I guess the best shot at finding some non-NDA'd information is the Common Criteria security targets for the specific platforms.

An example for a hardware platform from NXP: NXP Secure Smart Card Controllers P5Cx128V0A/P5Cx145V0A, MSO (BSI-DSZ-CC-0645)

• From the TOE overview:

  The non-volatile EEPROM [...] contains high reliability cells, which guarantee data integrity. [...] Security functionality protects the contents of all memories.

• From security feature SF.OPC:

  An exception is forced by the [...] single fault injection detection circuitry. In case minor configuration option "Inverse EEPROM Error Correction" is enabled [...] the probability to detect fault injection errors increases and the error correction logic raises an exception when detecting an error.

• From security feature SF.PHY:

  The EEPROM is able to correct a 1-bit error within each byte. [...] The EEPROM corrects errors automatically without user interaction [...]

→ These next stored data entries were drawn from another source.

lemma resolvent_perturbation:
  assumes R: "inverse_of R (a - scal l)" and small: "cmod (m - l) * norm R \<le> 1/2"
  obtains R' where "inverse_of R' (a - scal m)" and "norm R' \<le> 2 * norm R"
proof
  define y where "y = scal (m - l) * R"
  have ny: "norm y \<le> 1/2" unfolding y_def using small by simp
  then have ny1: "norm y < 1" by simp
  have factor: "a - scal m = (a - scal l) * (1 - y)"
  proof -
    have "(a - scal l) * (1 - y) = (a - scal l) - scal (m - l) * ((a - scal l) * R)"
      unfolding y_def
      by (simp add: algebra_simps scal_simps scal_commute[of _ a, symmetric]
          mult_scal_left_commute[of a])
    also have "\<dots> = a - scal m" using R by (simp add: inverse_of_def scal_diff)
    finally show ?thesis by simp
  qed
  show "inverse_of (neumann_series y * R) (a - scal m)"
    using neumann_series_inverse[OF ny1] R unfolding factor inverse_of_def
    by (metis mult.assoc mult_1_left mult_1_right)
  have "norm (neumann_series y * R) \<le> norm (neumann_series y) * norm R" by (rule norm_mult_ineq)
  also have "\<dots> \<le> (1 / (1 - norm y)) * norm R"
    by (intro mult_right_mono norm_neumann_series_le[OF ny1]) simp
  also have "\<dots> \<le> 2 * norm R" using ny by (intro mult_right_mono) (auto simp: field_simps)
  finally show "norm (neumann_series y * R) \<le> 2 * norm R" .
qed

lemma resolvent_in_unit_disc:
  assumes z: "inverse_of z x" and nz: "norm z \<le> 1" and l: "cmod l < 1"
  shows "inverse_of (neumann_series (scal l * z) * z) (x - scal l)"
    and "scal l * (neumann_series (scal l * z) * z) = neumann_series (scal l * z) - 1"
proof -
  define y where "y = scal l * z"
  have "norm y \<le> cmod l" unfolding y_def using nz by (simp add: mult_left_le)
  then have ny: "norm y < 1" using l by simp
  have factor: "x - scal l = x * (1 - y)"
    unfolding y_def using z
    by (simp add: inverse_of_def algebra_simps scal_simps scal_commute[of _ x, symmetric]
        mult_scal_left_commute[of x])
  show "inverse_of (neumann_series (scal l * z) * z) (x - scal l)"
    using neumann_series_inverse[OF ny] z unfolding factor inverse_of_def y_def[symmetric]
    by (metis mult.assoc mult_1_left)
  have "scal l * (neumann_series y * z) = neumann_series y * y"
    unfolding y_def by (simp add: scal_commute mult.assoc)
  also have "\<dots> = neumann_series y - neumann_series y * (1 - y)" by (simp add: algebra_simps)
  finally show "scal l * (neumann_series (scal l * z) * z) = neumann_series (scal l * z) - 1"
    using neumann_series_inverse[OF ny] by (simp add: inverse_of_def y_def)
qed

lemma resolvent_outside_unit_disc:
  assumes nx: "norm x \<le> 1" and l: "cmod l > 1"
  shows "inverse_of (- scal (1 / l) * neumann_series (scal (1 / l) * x)) (x - scal l)"
    and "scal l * (- scal (1 / l) * neumann_series (scal (1 / l) * x))
           = - neumann_series (scal (1 / l) * x)"
proof -
  define y where "y = scal (1 / l) * x"
  have l0: "l \<noteq> 0" using l by auto
  have "norm y \<le> cmod (1 / l)" unfolding y_def using nx by (simp add: mult_left_le)
  also have "\<dots> < 1" using l by (simp add: norm_divide divide_less_eq)
  finally have ny: "norm y < 1" .
  have ll: "scal l * scal (1 / l) = 1" "scal (1 / l) * scal l = 1"
    using l0 by (simp_all flip: scal_mult)
  have factor: "x - scal l = - scal l * (1 - y)"
    unfolding y_def using l0 by (simp add: algebra_simps scal_simps)
  have "(x - scal l) * (- scal (1 / l) * neumann_series y)
      = (scal l * scal (1 / l)) * ((1 - y) * neumann_series y)"
    unfolding factor by (simp add: mult.assoc scal_commute[of "1/l"])
  moreover have "(- scal (1 / l) * neumann_series y) * (x - scal l)
      = (scal (1 / l) * scal l) * (neumann_series y * (1 - y))"
    unfolding factor by (simp add: mult.assoc) (metis scal_commute mult.assoc)
  ultimately have "inverse_of (- scal (1 / l) * neumann_series y) (x - scal l)"
    using ll neumann_series_inverse[OF ny] unfolding inverse_of_def by simp
  then show "inverse_of (- scal (1 / l) * neumann_series (scal (1 / l) * x)) (x - scal l)"
    by (simp only: y_def)
  show "scal l * (- scal (1 / l) * neumann_series (scal (1 / l) * x))
          = - neumann_series (scal (1 / l) * x)"
    using ll by (simp add: mult.assoc[symmetric])
qed

text \<open>Averaging over the rotated points \<open>r \<omega>\<^sup>k\<close> kills every power of the Neumann series
  whose exponent is not a multiple of \<open>N\<close>; the remaining tail is of order \<open>r\<^sup>N\<close>.\<close>

lemma sum_neumann_series_roots_of_unity:
  assumes N: "0 < N" and \<omega>N: "\<omega> ^ N = 1" and primitive: "\<And>m. 0 < m \<Longrightarrow> m < N \<Longrightarrow> \<omega> ^ m \<noteq> 1"
    and \<omega>1: "cmod \<omega> = 1" and w: "norm w \<le> 1" and r: "0 \<le> r" "r < 1"
  shows "norm ((\<Sum>k<N. neumann_series (scal (of_real r * \<omega> ^ k) * w)) - of_nat N)
           \<le> of_nat N * r ^ N / (1 - r)"
proof -
  define f where "f k n = (scal (of_real r * \<omega> ^ k) * w) ^ n" for k n
  define E where "E n = (\<Sum>k<N. (of_real r * \<omega> ^ k) ^ n)" for n
  define F where "F n = scal (E n) * w ^ n" for n
  have "norm (scal (of_real r * \<omega> ^ k) * w) \<le> r" for k
    using w r \<omega>1 by (simp add: norm_mult norm_power mult_left_le)
  then have f_summable: "summable (f k)" for k
    unfolding f_def using r by (intro summable_power_norm_less_1) (meson order_le_less_trans)
  have sum_f: "(\<Sum>k<N. f k n) = F n" for n
    unfolding f_def F_def E_def by (simp add: scal_mult_power scal_sum sum_distrib_right)
  have F_summable: "summable F"
    using summable_sum[of "{..<N}" f, OF f_summable] sum_f by simp
  have sum_eq: "(\<Sum>k<N. neumann_series (scal (of_real r * \<omega> ^ k) * w)) = suminf F"
    unfolding neumann_series_def f_def[symmetric]
    using suminf_sum[of "{..<N}" f, OF f_summable] sum_f by simp
  have E_vanishes: "E n = 0" if "0 < n" "n < N" for n
    unfolding E_def using \<omega>N primitive[OF that] by (rule sum_rotated_powers_eq_0)
  have initial_segment: "(\<Sum>n<N. F n) = of_nat N"
  proof -
    have "(\<Sum>n<N. F n) = F 0 + (\<Sum>n\<in>{..<N} - {0}. F n)" using N by (subst sum.remove[of _ 0]) auto
    also have "(\<Sum>n\<in>{..<N} - {0}. F n) = 0" by (rule sum.neutral) (auto simp: F_def E_vanishes)
    also have "F 0 = of_nat N" unfolding F_def E_def by (simp add: scal_of_nat)
    finally show ?thesis by simp
  qed
  have norm_E: "cmod (E m) \<le> of_nat N * r ^ m" for m
    unfolding E_def using norm_sum_rotated_powers_le[OF \<omega>1, where c = "of_real r"] r by simp
  have norm_F: "norm (F (n + N)) \<le> of_nat N * r ^ N * r ^ n" for n
  proof -
    have "norm (w ^ (n + N)) \<le> 1"
      using norm_power_ineq[of w "n + N"] power_le_one[OF norm_ge_zero w] by (meson order_trans)
    then have "norm (F (n + N)) \<le> (of_nat N * r ^ (n + N)) * 1"
      unfolding F_def norm_scal_mult using r by (intro mult_mono norm_E) auto
    then show ?thesis by (simp add: power_add mult_ac)
  qed
  have "summable (\<lambda>n. of_nat N * r ^ N * r ^ n)"
    using r by (intro summable_mult summable_geometric) auto
  then have "norm (\<Sum>n. F (n + N)) \<le> (\<Sum>n. of_nat N * r ^ N * r ^ n)"
    by (rule norm_suminf_le[OF norm_F])
  also have "\<dots> = of_nat N * r ^ N / (1 - r)" using r by (simp add: suminf_mult suminf_geometric)
  finally show ?thesis
    using suminf_split_initial_segment[OF F_summable, of N] initial_segment sum_eq by simp
qed
definition adj :: "'v set \<Rightarrow> ('e \<Rightarrow> 'v \<times> 'v) \<Rightarrow> 'e set \<Rightarrow> ('v \<times> 'v) set" where
  "adj V ends F = {(u,v). u \<in> V \<and> v \<in> V \<and>
      (\<exists>g\<in>F. ends g = (u,v) \<or> ends g = (v,u))}"

definition conn :: "'v set \<Rightarrow> ('e \<Rightarrow> 'v \<times> 'v) \<Rightarrow> 'e set \<Rightarrow> ('v \<times> 'v) set" where
  "conn V ends F = (adj V ends F)\<^sup>* \<inter> (V \<times> V)"

definition comps :: "'v set \<Rightarrow> ('e \<Rightarrow> 'v \<times> 'v) \<Rightarrow> 'e set \<Rightarrow> 'v set set" where
  "comps V ends F = V // conn V ends F"

definition ncomp :: "'v set \<Rightarrow> ('e \<Rightarrow> 'v \<times> 'v) \<Rightarrow> 'e set \<Rightarrow> nat" where
  "ncomp V ends F = card (comps V ends F)"

definition comp_of :: "'v set \<Rightarrow> ('e \<Rightarrow> 'v \<times> 'v) \<Rightarrow> 'e set \<Rightarrow> 'v \<Rightarrow> 'v set" where
  "comp_of V ends F v = conn V ends F `` {v}"

definition xmon :: "'e set \<Rightarrow> 'e monomial" where
  "xmon F = (\<Sum>g\<in>F. Poly_Mapping.single g 1)"

definition xvar :: "'e \<Rightarrow> 'e qpoly" where
  "xvar g = Poly_Mapping.single (Poly_Mapping.single g 1) 1"

definition Tpoly :: "'v set \<Rightarrow> 'e set \<Rightarrow> ('e \<Rightarrow> 'v \<times> 'v) \<Rightarrow> 'e set \<Rightarrow> 'e set \<Rightarrow> 'e qpoly" where
  "Tpoly V E ends A B = (\<Sum>F\<in>{F. F \<subseteq> E \<and> A \<subseteq> F \<and> F \<inter> B = {}}.
      Poly_Mapping.single (xmon F) (monom 1 (ncomp V ends F)))"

So this hardware platform is capable of detecting EEPROM cell failures and can even automatically correct 1-bit errors within each byte. For all other detected errors it will raise an exception that can be handled by software.

That's for the hardware platform (without OS / JCRE). So let's see what a security target of JCOP tells us. I chose NXP J3A128 and J3A095 Secure Smart Card Controller Rev. 3 (BSI-DSZ-CC-0731).

• From security feature SF.Audit:

  The following reactions by the TOE based on indication of a potential violation of the TSP are possible:

  • Throw an exception
  • Terminate the card (Life cycle state: TERMINATED)
  • Reinitialize the Java Card System (warm reset)
  • [...] The EEPROM is able to correct a 1-bit error within each byte. [...] The EEPROM corrects errors automatically without user interaction [...]
  • Lock the card session (simply stops processing; escape with reset the session/Card tearing)

  Based on these types of response/reaction the events listed above will have the following mapping:

  • EEPROM failure audited through exceptions in the read/write operations and consistency/integrity check: Lock card session
  • self test mechanism on start-up: Lock card session
  • Corruption of check-summed objects: Lock card session

• From security feature SF.SecureManagement:

  The TSF run a suite of self-tests during initial start-up (at each power on) to demonstrate the correct operation of the TSF, to verify the integrity of TSF data, and to verify the integrity of stored TSF executable code. This includes checking the EEPROM integrity. If an error is detected, the TOE enters into a secure state (lock card session)

  The TSF monitors user data D.APP_CODE, D.APP_I_DATA, D.PIN, D.APP_KEYs for integrity errors. If an error occurs, the TSF maintain a secure state (lock card session)

So this software platform is (again) capable of detecting EEPROM cell failures and can even automatically correct 1-bit errors within each byte. For all other detected EEPROM errors it will "lock the card session", which means that it simply stops processing and performs a reset. This seems to match your observation "the symptom was that the card did not send R-APDU at all and just died".